Côté face avant, nous avons un écran de de 6,65 pouces, avec un poinçon central pour loger la caméra. Les bordures d’affichage sont visibles mais pas envahissante, même si nous avons un petit menton un brin plus épais que le reste. Pour autant, cette petite asymétrie ne rompt jamais l’équilibre général du téléphone.

Le fabricant opte pour des tranches plates, les arêtes légèrement arrondies confèrent une douceur immédiate au toucher. Ainsi, en main, le maintien s’avère excellent lors de mes longues sessions d’utilisation.

Le dos plat et mat affiche une belle élégance avec des vis apparentes qui parsèment le capot. Ce détail est une part entière du design de la maison et demeurant une obligation technique pour le démontage. Enfin, une fine pièce gravée du nom de l’entreprise habille discrètement la partie inférieure.

L’organisation du bloc photographique évolue également. Ainsi, les trois modules de faible épaisseur s’émancipent de leur ancien cadre massif pour dessiner un triangle.
La qualité d’assemblage est là malgré l’usage massif du plastique, et la structure ne fléchit jamais sous la pression de mes doigts. En revanche, la certification IP55 impose une certaine prudence. Les éclaboussures accidentelles et la pluie fine ne posent aucun problème, mais ne tentez pas plus. Côté écran, le fabricant confie la protection de la dalle à un robuste revêtement Gorilla Glass 7i. Le constructeur garantit son Fairphone cinq ans, bien au-delà de l’année ou des deux ans habituels.
Smartphone et tournevis

L’ADN du projet néerlandais ne se limite pas à l’écoresponsabilité, la réparabilité pensée pour les novices en fait tout autant parti. L’accès aux entrailles de l’appareil ne demande aucune compétence pointue. Je n’utilise qu’un simple tournevis pour libérer les attaches apparentes. Cet outil indispensable accompagne d’ailleurs chaque composant de rechange commandé sur la boutique. La maison firme fournit systématiquement un guide d’assistance illustré. Ce tutoriel détaille la marche à suivre étape par étape. En pratique, l’opération d’entretien devient véritablement accessible à la grande majorité du public.
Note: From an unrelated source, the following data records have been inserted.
lemma slack_sum_Suc:
  "((U::'a::comm_ring_1) - 1) * slack_sum U (Suc n) =
     U^2 * slack_sum U n - U * of_nat (card (good_seqs n)) + U * (U - 1) * low_slack_sum U n"
proof -
  have "(U - 1) * slack_sum U (Suc n) =
      (\<Sum>a\<in>good_seqs n. (U - 1) * (\<Sum>v\<in>admissible a n. U ^ slack (a @ [v])))"
    unfolding slack_sum_def sum_good_seqs_Suc by (simp add: sum_distrib_left)
  also have "\<dots> = (\<Sum>a\<in>good_seqs n. U^2 * U ^ slack a - U +
      U * (U - 1) * (of_nat (card (low_admissible a)) * U ^ slack a))"
  proof (rule sum.cong[OF refl])
    fix a assume "a \<in> good_seqs n"
    then have "length a = n" "maxval a \<le> n"
      by (simp_all add: good_seq_length_maxval)
    note eq = sum_admissible_snoc[OF this, of "\<lambda>s c. U ^ s"]
    show "(U - 1) * (\<Sum>v\<in>admissible a n. U ^ slack (a @ [v])) = U^2 * U ^ slack a - U +
        U * (U - 1) * (of_nat (card (low_admissible a)) * U ^ slack a)"
      unfolding eq distrib_left geometric_sum_identity by (simp add: algebra_simps power2_eq_square)
  qed
  also have "\<dots> = U^2 * slack_sum U n - U * of_nat (card (good_seqs n)) + U * (U - 1) * low_slack_sum U n"
    by (simp add: slack_sum_def low_slack_sum_def sum.distrib sum_subtractf sum_distrib_left mult.commute)
  finally show ?thesis .
qed

lemma low_slack_sum_Suc:
  "((U::'a::comm_ring_1) - 1)^2 * low_slack_sum U (Suc n) =
     U^2 * slack_sum U n - U^2 * of_nat (card (good_seqs n)) - U * (U - 1) * of_nat (total_slack n)
     + U * (U - 1)^2 * low_slack_sum U n"
proof -
  have "(U - 1)^2 * low_slack_sum U (Suc n) = (\<Sum>a\<in>good_seqs n. (U - 1)^2 *
      (\<Sum>v\<in>admissible a n. of_nat (card (low_admissible (a @ [v]))) * U ^ slack (a @ [v])))"
    unfolding low_slack_sum_def sum_good_seqs_Suc by (simp add: sum_distrib_left)
  also have "\<dots> = (\<Sum>a\<in>good_seqs n. U^2 * U ^ slack a - U^2 - U * (U - 1) * of_nat (slack a) +
      U * (U - 1)^2 * (of_nat (card (low_admissible a)) * U ^ slack a))"
  proof (rule sum.cong[OF refl])
    fix a assume "a \<in> good_seqs n"
    then have "length a = n" "maxval a \<le> n"
      by (simp_all add: good_seq_length_maxval)
    note eq = sum_admissible_snoc[OF this, of "\<lambda>s c. of_nat c * U ^ s"]
    show "(U - 1)^2 * (\<Sum>v\<in>admissible a n. of_nat (card (low_admissible (a @ [v]))) * U ^ slack (a @ [v])) =
        U^2 * U ^ slack a - U^2 - U * (U - 1) * of_nat (slack a) +
        U * (U - 1)^2 * (of_nat (card (low_admissible a)) * U ^ slack a)"
      unfolding eq distrib_left weighted_geometric_sum_identity by (simp add: algebra_simps power2_eq_square)
  qed
  also have "\<dots> = U^2 * slack_sum U n - U^2 * of_nat (card (good_seqs n)) -
      U * (U - 1) * of_nat (total_slack n) + U * (U - 1)^2 * low_slack_sum U n"
    by (simp add: slack_sum_def low_slack_sum_def total_slack_def sum.distrib sum_subtractf
        sum_distrib_left mult.commute)
  finally show ?thesis .
qed

(* The series \<Sum>n. z^n w n with z = t^2; its coefficient at t^m only involves w 0, ..., w m. *)
definition X2_series :: "(nat \<Rightarrow> 'a::comm_ring_1 fps) \<Rightarrow> 'a fps" where
  "X2_series w = Abs_fps (\<lambda>m. (\<Sum>n\<le>m. fps_X ^ (2 * n) * w n) $ m)"

lemma X2_series_nth:
  assumes "m \<le> k"
  shows "X2_series w $ m = (\<Sum>n\<le>k. fps_X ^ (2 * n) * w n) $ m"
proof -
  have "{..k} = {..m} \<union> {m<..k}"
    using assms by auto
  then have "(\<Sum>n\<le>k. fps_X ^ (2 * n) * w n) =
      (\<Sum>n\<in>{..m} \<union> {m<..k}. fps_X ^ (2 * n) * w n)"
    by simp
  also have "\<dots> = (\<Sum>n\<le>m. fps_X ^ (2 * n) * w n) + (\<Sum>n\<in>{m<..k}. fps_X ^ (2 * n) * w n)"
    by (rule sum.union_disjoint) auto
  moreover have "(\<Sum>n\<in>{m<..k}. fps_X ^ (2 * n) * w n) $ m = 0"
    unfolding fps_sum_nth by (rule sum.neutral) (auto simp: fps_X_power_mult_nth)
  ultimately show ?thesis
    by (simp add: X2_series_def)
qed

lemma X2_series_add: "X2_series (\<lambda>n. v n + w n) = X2_series v + X2_series w"
  by (rule fps_ext) (simp add: X2_series_def sum.distrib distrib_left)

lemma X2_series_diff: "X2_series (\<lambda>n. v n - w n) = X2_series v - X2_series w"
  by (rule fps_ext) (simp add: X2_series_def sum_subtractf right_diff_distrib)

lemma X2_series_mult_left: "X2_series (\<lambda>n. c * w n) = c * X2_series w"
proof (rule fps_ext)
  fix m
  let ?T = "\<Sum>n\<le>m. fps_X ^ (2 * n) * w n"
  have "(c * X2_series w) $ m = (\<Sum>i=0..m. c $ i * ?T $ (m - i))"
    unfolding fps_mult_nth by (rule sum.cong) (simp_all add: X2_series_nth[of _ m])
  also have "\<dots> = (c * ?T) $ m"
    by (simp add: fps_mult_nth)
  also have "c * ?T = (\<Sum>n\<le>m. fps_X ^ (2 * n) * (c * w n))"
    by (simp add: sum_distrib_left mult.left_commute)
  finally show "X2_series (\<lambda>n. c * w n) $ m = (c * X2_series w) $ m"
    by (simp add: X2_series_def)
qed

lemma X2_series_Suc: "X2_series w = w 0 + fps_X^2 * X2_series (\<lambda>n. w (Suc n))"
proof (rule fps_ext)
  fix m
  have X_power: "fps_X ^ (2 * Suc n) = (fps_X^2 :: 'a fps) * fps_X ^ (2 * n)" for n
    by (simp flip: power_add)
  have "(\<Sum>n\<le>Suc m. fps_X ^ (2 * n) * w n) = w 0 + fps_X^2 * (\<Sum>n\<le>m. fps_X ^ (2 * n) * w (Suc n))"
    by (subst sum.atMost_Suc_shift) (simp add: X_power sum_distrib_left mult.assoc power2_eq_square)
  moreover have "(fps_X^2 * (\<Sum>n\<le>m. fps_X ^ (2 * n) * w (Suc n))) $ m =
      (fps_X^2 * X2_series (\<lambda>n. w (Suc n))) $ m"
    using X2_series_nth[of "m - 2" m "\<lambda>n. w (Suc n)"] by (simp add: fps_X_power_mult_nth)
  ultimately show "X2_series w $ m = (w 0 + fps_X^2 * X2_series (\<lambda>n. w (Suc n))) $ m"
    using X2_series_nth[of m "Suc m" w] by simp
qed

definition count_gf :: "'a::comm_ring_1 fps" where
  "count_gf = X2_series (\<lambda>n. of_nat (card (good_seqs n)))"

definition total_slack_gf :: "'a::comm_ring_1 fps" where
  "total_slack_gf = X2_series (\<lambda>n. of_nat (total_slack n))"

definition slack_gf :: "'a::comm_ring_1 fps \<Rightarrow> 'a fps" where
  "slack_gf U = X2_series (slack_sum U)"

definition low_slack_gf :: "'a::comm_ring_1 fps \<Rightarrow> 'a fps" where
  "low_slack_gf U = X2_series (low_slack_sum U)"

lemma slack_gf_equation:
  "(U - 1) * (slack_gf U - 1) = fps_X^2 * (U^2 * slack_gf U - U * count_gf + U * (U - 1) * low_slack_gf U)"
proof -
  have "(U - 1) * (slack_gf U - 1) = fps_X^2 * X2_series (\<lambda>n. (U - 1) * slack_sum U (Suc n))"
    unfolding slack_gf_def by (subst X2_series_Suc) (simp add: slack_sum_0 X2_series_mult_left mult.left_commute)
  also have "X2_series (\<lambda>n. (U - 1) * slack_sum U (Suc n)) = X2_series (\<lambda>n. U^2 * slack_sum U n -
      U * of_nat (card (good_seqs n)) + U * (U - 1) * low_slack_sum U n)"
    by (simp only: slack_sum_Suc)
  also have "\<dots> = U^2 * slack_gf U - U * count_gf + U * (U - 1) * low_slack_gf U"
    unfolding slack_gf_def count_gf_def low_slack_gf_def
    by (simp only: X2_series_add X2_series_diff X2_series_mult_left)
  finally show ?thesis .
qed

lemma low_slack_gf_equation:
  "(U - 1)^2 * low_slack_gf U = fps_X^2 * (U^2 * slack_gf U - U^2 * count_gf -
     U * (U - 1) * total_slack_gf + U * (U - 1)^2 * low_slack_gf U)"
proof -
  have "(U - 1)^2 * low_slack_gf U = fps_X^2 * X2_series (\<lambda>n. (U - 1)^2 * low_slack_sum U (Suc n))"
    unfolding low_slack_gf_def by (subst X2_series_Suc) (simp add: low_slack_sum_0 X2_series_mult_left mult.left_commute)
  also have "X2_series (\<lambda>n. (U - 1)^2 * low_slack_sum U (Suc n)) = X2_series (\<lambda>n. U^2 * slack_sum U n -
      U^2 * of_nat (card (good_seqs n)) - U * (U - 1) * of_nat (total_slack n) + U * (U - 1)^2 * low_slack_sum U n)"
    by (simp only: low_slack_sum_Suc)
  also have "\<dots> = U^2 * slack_gf U - U^2 * count_gf - U * (U - 1) * total_slack_gf + U * (U - 1)^2 * low_slack_gf U"
    unfolding slack_gf_def count_gf_def low_slack_gf_def total_slack_gf_def
    by (simp only: X2_series_add X2_series_diff X2_series_mult_left)
  finally show ?thesis .
qed

definition kernel_poly :: "'a::comm_ring_1 \<Rightarrow> 'a \<Rightarrow> 'a" where
  "kernel_poly z u = z^2*u^4 - 2*z^2*u^3 - 2*z*u^3 + 3*z*u^2 + u^2 - z*u - 2*u + 1"
section \<open>Lifting lower unipotent matrices\<close>

locale Cmat_lifting = local_field val red
  for val :: "'f::field \<Rightarrow> int" and red :: "'f \<Rightarrow> 'k::{field,finite}" +
  fixes n j :: nat and \<pi> :: 'f and \<alpha> :: "nat \<Rightarrow> nat" and v :: "nat \<Rightarrow> 'f"
    and u :: "'k mat" and X :: "nat \<Rightarrow> nat \<Rightarrow> 'f"
  assumes uniformizer: "\<pi> \<noteq> 0" "val \<pi> = 1"
    and alpha_mono: "\<forall>i j. 1 \<le> i \<longrightarrow> i \<le> j \<longrightarrow> j \<le> n - 1 \<longrightarrow> \<alpha> i \<le> \<alpha> j"
    and v_lift: "\<forall>i\<in>{1..n-1}. in_int val (v i) \<and> (v i = 0 \<or> val (v i) < int (\<alpha> i))"
    and j: "j < n - 1"
    and v_j: "v (n - 1 - j) \<noteq> 0"
    and v_above_j: "\<forall>l. j < l \<and> l < n - 1 \<longrightarrow> v (n - 1 - l) = 0"
    and u: "u \<in> lower_block_unip n j"
    and X: "\<forall>i l. in_int val (X i l) \<and> red (X i l) = u $$ (i,l)"
begin

text \<open>lift_conj is g^-1 * lift * g for g = Cmat n \<pi> \<alpha> v (Cmat_mult_lift_conj).  Since corr
  lies in p_F, the correction in row j of lift_dev does not change the reduction of lift.\<close>

definition corr :: 'f where
  "corr = \<pi> ^ \<alpha> (n - 1 - j) / v (n - 1 - j)"

definition lift_dev :: "nat \<Rightarrow> nat \<Rightarrow> 'f" where
  "lift_dev i l = (if l \<le> j \<and> j < i then X i l else if i = j \<and> l \<le> j then X (n - 1) l * corr else 0)"

definition lift :: "'f mat" where
  "lift = mat n n (\<lambda>(i,l). of_bool (i = l) + lift_dev i l)"

definition lift_conj :: "'f mat" where
  "lift_conj = mat n n (\<lambda>(i,l). of_bool (i = l) +
     (if i < n - 1 then lift_dev i l * \<pi> ^ \<alpha> (n - 1 - l) / \<pi> ^ \<alpha> (n - 1 - i) else 0))"

lemma val_pi_power: "val (\<pi> ^ e) = int e"
  using val_power[OF uniformizer(1)] uniformizer(2) by simp

lemma pi_power_int: "in_int val (\<pi> ^ e)"
  unfolding in_pow_def using val_pi_power by simp

lemma corr_in_p: "in_pow val 1 corr"
proof -
  have "n - 1 - j \<in> {1..n-1}"
    using j by auto
  then have "val (v (n - 1 - j)) < int (\<alpha> (n - 1 - j))"
    using v_lift v_j by auto
  moreover have "val corr = int (\<alpha> (n - 1 - j)) - val (v (n - 1 - j))"
    unfolding corr_def using val_divide v_j uniformizer(1) val_pi_power by simp
  ultimately show ?thesis
    unfolding in_pow_def by simp
qed

lemma corr_row_in_p: "in_int val (X (n - 1) l * corr)" "in_pow val 1 (X (n - 1) l * corr)"
  using in_pow_mult[of 0 "X (n - 1) l" 1 corr] X corr_in_p in_pow_mono[of 0 1] by auto

lemma lift_dev_int: "in_int val (lift_dev i l)"
  unfolding lift_dev_def using X corr_row_in_p in_int_0 by auto

lemma red_lift_dev: "red (lift_dev i l) = (if l \<le> j \<and> j < i then u $$ (i,l) else 0)"
  unfolding lift_dev_def using X corr_row_in_p red_eq_0_iff red_zero by auto

lemma lift_dev_last_col: "lift_dev i (n - 1) = 0"
  unfolding lift_dev_def using j by auto

lemma lift_dev_lower: "lift_dev i l \<noteq> 0 \<Longrightarrow> l \<le> i"
  unfolding lift_dev_def by (auto split: if_splits)

lemma lift_carrier: "lift \<in> carrier_mat n n"
  and lift_conj_carrier: "lift_conj \<in> carrier_mat n n"
  unfolding lift_def lift_conj_def by auto

lemma lift_index: "i < n \<Longrightarrow> l < n \<Longrightarrow> lift $$ (i,l) = of_bool (i = l) + lift_dev i l"
  unfolding lift_def by simp

lemma lift_conj_index: "i < n \<Longrightarrow> l < n \<Longrightarrow> lift_conj $$ (i,l) = of_bool (i = l) +
     (if i < n - 1 then lift_dev i l * \<pi> ^ \<alpha> (n - 1 - l) / \<pi> ^ \<alpha> (n - 1 - i) else 0)"
  unfolding lift_conj_def by simp

lemma lift_int: "i < n \<Longrightarrow> l < n \<Longrightarrow> in_int val (lift $$ (i,l))"
  using in_pow_add[OF in_int_of_bool lift_dev_int] by (simp add: lift_index)

lemma red_lift: "map_mat red lift = u"
proof (rule eq_matI)
  fix i l
  assume "i < dim_row u" "l < dim_col u"
  then have il: "i < n" "l < n"
    using u unfolding lower_block_unip_def by auto
  have "map_mat red lift $$ (i,l) = red (of_bool (i = l) + lift_dev i l)"
    using il lift_carrier by (simp add: lift_index)
  also have "\<dots> = of_bool (i = l) + (if l \<le> j \<and> j < i then u $$ (i,l) else 0)"
    by (simp only: red_add[OF in_int_of_bool lift_dev_int] red_of_bool red_lift_dev)
  also have "\<dots> = u $$ (i,l)"
    using u il unfolding lower_block_unip_def by auto
  finally show "map_mat red lift $$ (i,l) = u $$ (i,l)" .
qed (use u lift_carrier in \<open>auto simp: lower_block_unip_def\<close>)

lemma lift_in_K: "lift \<in> K val n"
  using K_iff_red_invertible[OF lift_carrier lift_int] det_lower_block_unip[OF u] u
  unfolding red_lift GL_def lower_block_unip_def by auto

lemma lift_conj_last_row: "l < n \<Longrightarrow> lift_conj $$ (n - 1, l) = of_bool (l = n - 1)"
  using j by (auto simp: lift_conj_index)

lemma lift_conj_int:
  assumes il: "i < n" "l < n"
  shows "in_int val (lift_conj $$ (i,l))"
proof -
  have "in_int val (lift_dev i l * \<pi> ^ \<alpha> (n - 1 - l) / \<pi> ^ \<alpha> (n - 1 - i))" if "i < n - 1"
  proof (cases "lift_dev i l = 0")
    case False
    then have "l \<le> i"
      by (rule lift_dev_lower)
    then have "\<alpha> (n - 1 - i) \<le> \<alpha> (n - 1 - l)"
      using alpha_mono[rule_format, of "n - 1 - i" "n - 1 - l"] that by simp
    then have "lift_dev i l * \<pi> ^ \<alpha> (n - 1 - l) / \<pi> ^ \<alpha> (n - 1 - i) =
        lift_dev i l * \<pi> ^ (\<alpha> (n - 1 - l) - \<alpha> (n - 1 - i))"
      using uniformizer(1) by (simp add: power_diff)
    then show ?thesis
      using in_int_mult[OF lift_dev_int pi_power_int] by simp
  qed (simp add: in_int_0)
  then show ?thesis
    using in_pow_add[OF in_int_of_bool] in_int_of_bool il by (auto simp: lift_conj_index)
qed

lemma last_row_sum_lift_conj:
  assumes l: "l < n"
  shows "(\<Sum>t = 0..<n - 1. v (n - 1 - t) * lift_conj $$ (t,l)) =
    of_bool (l < n - 1) * v (n - 1 - l) + of_bool (l \<le> j) * X (n - 1) l * \<pi> ^ \<alpha> (n - 1 - l)"
proof -
  define f where "f t = v (n - 1 - t) * lift_dev t l * \<pi> ^ \<alpha> (n - 1 - l) / \<pi> ^ \<alpha> (n - 1 - t)" for t
  have "(\<Sum>t = 0..<n - 1. v (n - 1 - t) * lift_conj $$ (t,l)) =
      (\<Sum>t = 0..<n - 1. of_bool (t = l) * v (n - 1 - t)) + sum f {0..<n - 1}"
    using l by (simp add: lift_conj_index f_def sum.distrib algebra_simps)
  also have "(\<Sum>t = 0..<n - 1. of_bool (t = l) * v (n - 1 - t)) = of_bool (l < n - 1) * v (n - 1 - l)"
    by (simp add: of_bool_def if_distrib[of "\<lambda>x. x * _"] cong: if_cong)
  also have "sum f {0..<n - 1} = f j + sum f ({0..<n - 1} - {j})"
    using j by (intro sum.remove) auto
  also have "sum f ({0..<n - 1} - {j}) = 0"
    using v_above_j by (intro sum.neutral) (auto simp: f_def lift_dev_def)
  also have "f j = of_bool (l \<le> j) * X (n - 1) l * \<pi> ^ \<alpha> (n - 1 - l)"
    using v_j uniformizer(1) by (simp add: f_def lift_dev_def corr_def)
  finally show ?thesis
    by simp
qed

lemma Cmat_mult_lift_conj_index_upper:
  assumes i: "i < n - 1" and l: "l < n"
  shows "(Cmat n \<pi> \<alpha> v * lift_conj) $$ (i,l) = (lift * Cmat n \<pi> \<alpha> v) $$ (i,l)"
proof -
  have last_col: "lift $$ (i, n - 1) = 0" "lift_conj $$ (i, n - 1) = 0"
    using i lift_dev_last_col by (simp_all add: lift_index lift_conj_index)
  show ?thesis
  proof (cases "l < n - 1")
    case True
    then show ?thesis
      using i l last_col(1) uniformizer(1) lift_carrier lift_conj_carrier
      by (auto simp: Cmat_mult_index_upper mult_Cmat_index_upper lift_index lift_conj_index field_simps)
  next
    case False
    then have "l = n - 1"
      using l by simp
    moreover have "(Cmat n \<pi> \<alpha> v * lift_conj) $$ (i, n - 1) = \<pi> ^ \<alpha> (n - 1 - i) * lift_conj $$ (i, n - 1)"
      using i by (intro Cmat_mult_index_upper[OF lift_conj_carrier]) auto
    moreover have "(lift * Cmat n \<pi> \<alpha> v) $$ (i, n - 1) = lift $$ (i, n - 1)"
      using i by (intro mult_Cmat_index_last[OF lift_carrier]) auto
    ultimately show ?thesis
      using last_col by simp
  qed
qed

lemma Cmat_mult_lift_conj_index_last:
  assumes l: "l < n"
  shows "(Cmat n \<pi> \<alpha> v * lift_conj) $$ (n - 1,l) = (lift * Cmat n \<pi> \<alpha> v) $$ (n - 1,l)"
proof -
  have "(Cmat n \<pi> \<alpha> v * lift_conj) $$ (n - 1, l) =
      lift_conj $$ (n - 1, l) + (\<Sum>t = 0..<n - 1. v (n - 1 - t) * lift_conj $$ (t,l))"
    by (rule Cmat_mult_index_last[OF lift_conj_carrier l])
  also have "\<dots> = of_bool (l = n - 1) +
      (of_bool (l < n - 1) * v (n - 1 - l) + of_bool (l \<le> j) * X (n - 1) l * \<pi> ^ \<alpha> (n - 1 - l))"
    by (simp only: lift_conj_last_row[OF l] last_row_sum_lift_conj[OF l])
  moreover have "lift $$ (n - 1, l) = of_bool (l = n - 1) + of_bool (l \<le> j) * X (n - 1) l"
    using l j by (auto simp: lift_index lift_dev_def)
  moreover have "lift $$ (n - 1, n - 1) = 1"
    using j lift_dev_last_col by (simp add: lift_index)
  moreover have "(lift * Cmat n \<pi> \<alpha> v) $$ (n - 1, l) =
      (if l < n - 1 then lift $$ (n - 1, l) * \<pi> ^ \<alpha> (n - 1 - l) + lift $$ (n - 1, n - 1) * v (n - 1 - l)
       else lift $$ (n - 1, n - 1))"
  proof (cases "l < n - 1")
    case True
    then show ?thesis
      using mult_Cmat_index_upper[OF lift_carrier, of "n - 1" l] j by simp
  next
    case False
    then have "l = n - 1"
      using l by simp
    then show ?thesis
      using mult_Cmat_index_last[OF lift_carrier, of "n - 1"] j by simp
  qed
  ultimately show ?thesis
    using l j by auto
qed

lemma Cmat_mult_lift_conj: "Cmat n \<pi> \<alpha> v * lift_conj = lift * Cmat n \<pi> \<alpha> v"
proof (rule eq_matI)
  fix i l
  assume "i < dim_row (lift * Cmat n \<pi> \<alpha> v)" "l < dim_col (lift * Cmat n \<pi> \<alpha> v)"
  then have "i < n" "l < n"
    using lift_carrier by (auto simp: Cmat_def)
  then show "(Cmat n \<pi> \<alpha> v * lift_conj) $$ (i,l) = (lift * Cmat n \<pi> \<alpha> v) $$ (i,l)"
    using Cmat_mult_lift_conj_index_upper Cmat_mult_lift_conj_index_last
    by (cases "i < n - 1") (auto simp: not_less_iff_gr_or_eq less_diff_conv)
qed (use lift_carrier lift_conj_carrier in \<open>auto simp: Cmat_def\<close>)

lemma lift_conj_in_Km: "lift_conj \<in> Km val n m"
proof -
  have "det (Cmat n \<pi> \<alpha> v) * det lift_conj = det (Cmat n \<pi> \<alpha> v * lift_conj)"
    by (rule det_mult[symmetric, OF Cmat_carrier lift_conj_carrier])
  also have "\<dots> = det lift * det (Cmat n \<pi> \<alpha> v)"
    unfolding Cmat_mult_lift_conj by (rule det_mult[OF lift_carrier Cmat_carrier])
  finally have "det lift_conj = det lift"
    using det_Cmat_nonzero[OF uniformizer(1)] by (simp add: mult.commute)
  then have "lift_conj \<in> K val n"
    using lift_in_K lift_conj_carrier lift_conj_int unfolding K_def by auto
  then show ?thesis
    unfolding Km_def in_pow_def using lift_conj_last_row j by auto
qed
La marque étoffe également son écosystème avec une gamme dédiée au style de vie. Le catalogue propose une coque de protection, une bague de maintien, ainsi que deux variantes de dos porte-cartes de visite. L’installation de ces éléments périphériques exige systématiquement de les visser fermement au châssis.

Au final, ce sixième modèle franchit un cap décisif. Le téléphone conserve scrupuleusement ses valeurs fondatrices liées à l’écologie. Pour autant, il gagne les arguments esthétiques nécessaires pour toucher une audience beaucoup plus large.
Prise en main du Fairphone 6 : pensé pour toutes les mains
Le gabarit de ce mobile s’établit à 156,5 x 73,3 x 9,6 mm et la balance indique 202 g. L’objet ne fatigue pas le poignet et s’adapte sans peine aux plus petites mains. L’emplacement des boutons bénéficie du même soin. Le bouton d’alimentation, sur la tranche droite, tombe naturellement sous les doigts. Le réglage du volume se gère aisément sur le flanc gauche. Dès lors, il saura se faire dompter par les droitiers, gauchers et ambidextres sans difficultés.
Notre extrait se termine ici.